Reputation: 856
I have a bucket set up on Google Cloud containing a few hundred json files and am trying to work with them in a datalab instance running python 3.
So, I can easily see them as objects using
gcs list --objects gs://<BUCKET_NAME>
Further, I can read in an individual file/object using
import google.datalab.storage as storage
import pandas as pd
from io import BytesIO
myBucket = storage.Bucket('<BUCKET_NAME')
data_csv = myBucket.object('<FILE_NAME.json')
uri = data_csv.uri
%gcs read --object $uri --variable data
df = pd.read_csv(BytesIO(data))
df.head()
(FYI, I understand that my example is reading a json as a csv, but let's ignore that- I'll cross that bridge on my own)
What I can't figure out is how to loop through the bucket and pull all of the json files into pandas...how do I do that? Is that the way I should be thinking of this- is there a way to call the files in the bucket from pandas directly (since they're already treated as objects)?
As an extra bit- what if a file is saved as a json, but isn't actually that structure? How can I handle that?
Essentially, I guess, I'm looking for the functionality of the blob package, but using cloud buckets + datalab.
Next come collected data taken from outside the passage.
section \<open>Counting eigenvalues above a threshold\<close>

lemma threshold_pointwise_le:
  fixes l B \<delta> :: real
  assumes l: "0 \<le> l" "l \<le> B" and B: "0 < B" and \<delta>: "0 < \<delta>" "\<delta> < 1"
  shows "\<bar>(if B * (1 - \<delta>) < l then B else 0) - l\<bar> \<le> max (1 / \<delta>) (1 / (1 - \<delta>)) * (l - l\<^sup>2 / B)"
proof -
  have gap: "l - l\<^sup>2 / B = l * (B - l) / B"
    using B by (simp add: power2_eq_square field_simps)
  have "0 \<le> l - l\<^sup>2 / B"
    unfolding gap using l B by simp
  moreover have "\<bar>(if B * (1 - \<delta>) < l then B else 0) - l\<bar>
      \<le> (if B * (1 - \<delta>) < l then 1 / (1 - \<delta>) else 1 / \<delta>) * (l - l\<^sup>2 / B)"
  proof (cases "B * (1 - \<delta>) < l")
    case True
    then have "(B - l) * (B * (1 - \<delta>)) \<le> (B - l) * l"
      using l by (intro mult_left_mono) auto
    then show ?thesis
      using True l B \<delta> unfolding gap by (simp add: field_simps)
  next
    case False
    then have "l * (B * \<delta>) \<le> l * (B - l)"
      using l by (intro mult_left_mono) (auto simp: algebra_simps)
    then show ?thesis
      using False l B \<delta> unfolding gap by (simp add: field_simps)
  qed
  moreover have "(if B * (1 - \<delta>) < l then 1 / (1 - \<delta>) else 1 / \<delta>) \<le> max (1 / \<delta>) (1 / (1 - \<delta>))"
    by simp
  ultimately show ?thesis
    by (meson mult_right_mono order_trans)
qed

lemma threshold_count_estimate:
  fixes lam :: "nat \<Rightarrow> real"
  assumes lam: "\<And>k. 0 \<le> lam k" "\<And>k. lam k \<le> B" and B: "0 < B" and \<delta>: "0 < \<delta>" "\<delta> < 1"
    and X: "lam sums X" and Y: "(\<lambda>k. (lam k)\<^sup>2) sums Y"
  shows "\<bar>B * real (card {k. lam k > B * (1 - \<delta>)}) - X\<bar>
    \<le> max (1 / \<delta>) (1 / (1 - \<delta>)) * \<bar>X - (1 / B) * Y\<bar>"
proof -
  define T where "T = {k. B * (1 - \<delta>) < lam k}"
  define M where "M = max (1 / \<delta>) (1 / (1 - \<delta>))"
  define u where "u k = (if B * (1 - \<delta>) < lam k then B else 0) - lam k" for k
  define h where "h k = M * (lam k - (lam k)\<^sup>2 / B)" for k
  have "lam \<longlonglongrightarrow> 0"
    using X summable_LIMSEQ_zero sums_summable by blast
  then obtain N where N: "\<And>k. k \<ge> N \<Longrightarrow> lam k < B * (1 - \<delta>)"
    using order_tendstoD(2)[of lam 0 sequentially "B * (1 - \<delta>)"] B \<delta>
    by (auto simp: eventually_sequentially)
  have "T \<subseteq> {..<N}"
    unfolding T_def using N by (auto intro: ccontr dest: leI order.asym)
  then have "finite T"
    by (rule finite_subset) simp
  have "(\<lambda>k. if k \<in> T then B else 0) sums (\<Sum>k\<in>T. B)"
    using \<open>finite T\<close> by (rule sums_If_finite_set)
  then have u: "u sums (B * real (card T) - X)"
    unfolding u_def T_def using X by (simp add: sums_diff mult.commute)
  have h: "h sums (M * (X - (1 / B) * Y))"
    unfolding h_def using sums_mult[OF sums_diff[OF X sums_divide[OF Y, of B]], of M] by simp
  have "\<bar>u k\<bar> \<le> h k" for k
    unfolding u_def h_def M_def using lam B \<delta> by (rule threshold_pointwise_le)
  then have bound: "u k \<le> h k" "- u k \<le> h k" for k
    by (simp_all add: abs_le_iff)
  have "B * real (card T) - X \<le> M * (X - (1 / B) * Y)"
    by (rule sums_le[OF bound(1) u h])
  moreover have "- (B * real (card T) - X) \<le> M * (X - (1 / B) * Y)"
    by (rule sums_le[OF bound(2) sums_minus[OF u] h])
  ultimately have "\<bar>B * real (card T) - X\<bar> \<le> M * (X - (1 / B) * Y)"
    by linarith
  also have "\<dots> \<le> M * \<bar>X - (1 / B) * Y\<bar>"
    using \<delta> by (intro mult_left_mono) (auto simp: M_def le_max_iff_disj)
  finally show ?thesis
    unfolding T_def M_def .
qed

lemma gabor_mult_eq_frame_operator: "gabor_mult g \<Omega> \<Lambda> = frame_operator (\<lambda>z. tfs z g) (\<Omega> \<inter> \<Lambda>)"
  by (simp add: fun_eq_iff gabor_mult_def frame_operator_def stft_def)

lemma gabor_frame_sum_le:
  assumes "gabor_frame g \<Lambda> A B" "finite S" "S \<subseteq> \<Lambda>" "L2 f"
  shows "(\<Sum>z\<in>S. (cmod (stft g f z))\<^sup>2) \<le> B * (l2_norm f)\<^sup>2"
proof -
  have summable: "(\<lambda>z. (cmod (stft g f z))\<^sup>2) summable_on \<Lambda>"
    and upper: "(\<Sum>\<^sub>\<infinity>z\<in>\<Lambda>. (cmod (stft g f z))\<^sup>2) \<le> B * (l2_norm f)\<^sup>2"
    using assms(1,4) by (auto simp: gabor_frame_def)
  have "(\<Sum>z\<in>S. (cmod (stft g f z))\<^sup>2) = (\<Sum>\<^sub>\<infinity>z\<in>S. (cmod (stft g f z))\<^sup>2)"
    using assms(2) by simp
  also have "\<dots> \<le> (\<Sum>\<^sub>\<infinity>z\<in>\<Lambda>. (cmod (stft g f z))\<^sup>2)"
    using assms(2,3) summable by (intro infsum_mono_neutral) auto
  finally show ?thesis
    using upper by linarith
qed

theorem lemma2p6:
  fixes g :: "'d::finite fn" and \<Lambda> \<Omega> :: "'d phase set" and A B \<delta> :: real
    and e :: "nat \<Rightarrow> 'd fn" and lam :: "nat \<Rightarrow> real"
  assumes "is_lattice \<Lambda>"
    and "gabor_frame g \<Lambda> A B"
    and "compact \<Omega>"
    and "orthonormal_eigenbasis (gabor_mult g \<Omega> \<Lambda>) e lam"
    and "0 < \<delta>" and "\<delta> < 1"
  shows "\<bar>B * real (card {k. lam k > B * (1 - \<delta>)}) - real (card (\<Omega> \<inter> \<Lambda>)) * (l2_norm g)\<^sup>2\<bar>
     \<le> max (1 / \<delta>) (1 / (1 - \<delta>)) *
        \<bar>real (card (\<Omega> \<inter> \<Lambda>)) * (l2_norm g)\<^sup>2
          - (1 / B) * (\<Sum>z\<in>\<Omega> \<inter> \<Lambda>. \<Sum>w\<in>\<Omega> \<inter> \<Lambda>. (cmod (stft g g (z - w)))\<^sup>2)\<bar>"
proof -
  have g: "L2 g" and B: "0 < B"
    using assms(2) by (auto simp: gabor_frame_def)
  interpret frame_operator_eigenbasis e "\<lambda>z. tfs z g" "\<Omega> \<inter> \<Lambda>" lam
    using assms(4) L2_tfs[OF g]
    by unfold_locales (auto simp: orthonormal_eigenbasis_def gabor_mult_eq_frame_operator)
  have "lam k \<le> B" for k
  proof -
    have "cmod (l2_inner (tfs z g) (e k)) = cmod (stft g (e k) z)" for z
      by (simp add: stft_def l2_inner_cnj_commute[of "tfs z g"])
    then have "lam k = (\<Sum>z\<in>\<Omega> \<inter> \<Lambda>. (cmod (stft g (e k) z))\<^sup>2)"
      by (simp add: eigenvalue_eq)
    also have "\<dots> \<le> B"
      using gabor_frame_sum_le[OF assms(2) finite_compact_inter_lattice[OF assms(1,3)] Int_lower2 L2_basis]
      by (simp add: l2_norm_basis)
    finally show ?thesis .
  qed
  then show ?thesis
    using threshold_count_estimate[OF eigenvalue_nonneg _ B assms(5,6) eigenvalues_sums eigenvalues_sq_sums]
    by (simp add: l2_norm_tfs[OF g] norm_l2_inner_tfs[OF g])
qed

end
Any help is greatly appreciated.
Upvotes: 0
Views: 2181
Reputation: 7058
This can be done using Bucket.objects
which returns an iterator with all matching files. Specify a prefix or leave it empty to match all files in the bucket. I did an example with two files countries1.csv
and countries2.csv
:
$ cat countries1.csv
id,country
1,sweden
2,spain
$ cat countries2.csv
id,country
3,italy
4,france
And used the following Datalab snippet:
import google.datalab.storage as storage
import pandas as pd
from io import BytesIO
myBucket = storage.Bucket('BUCKET_NAME')
object_list = myBucket.objects(prefix='countries')
df_list = []
for object in object_list:
%gcs read --object $object.uri --variable data
df_list.append(pd.read_csv(BytesIO(data)))
concatenated_df = pd.concat(df_list, ignore_index=True)
concatenated_df.head()
which will output the combined csv:
id country
0 1 sweden
1 2 spain
2 3 italy
3 4 france
Take into account that I combined all csv files into a single Pandas dataframe using this approach but you might want to load them into different ones depending on the use case. If you want to retrieve all files in the bucket just use this instead:
object_list = myBucket.objects()
Upvotes: 2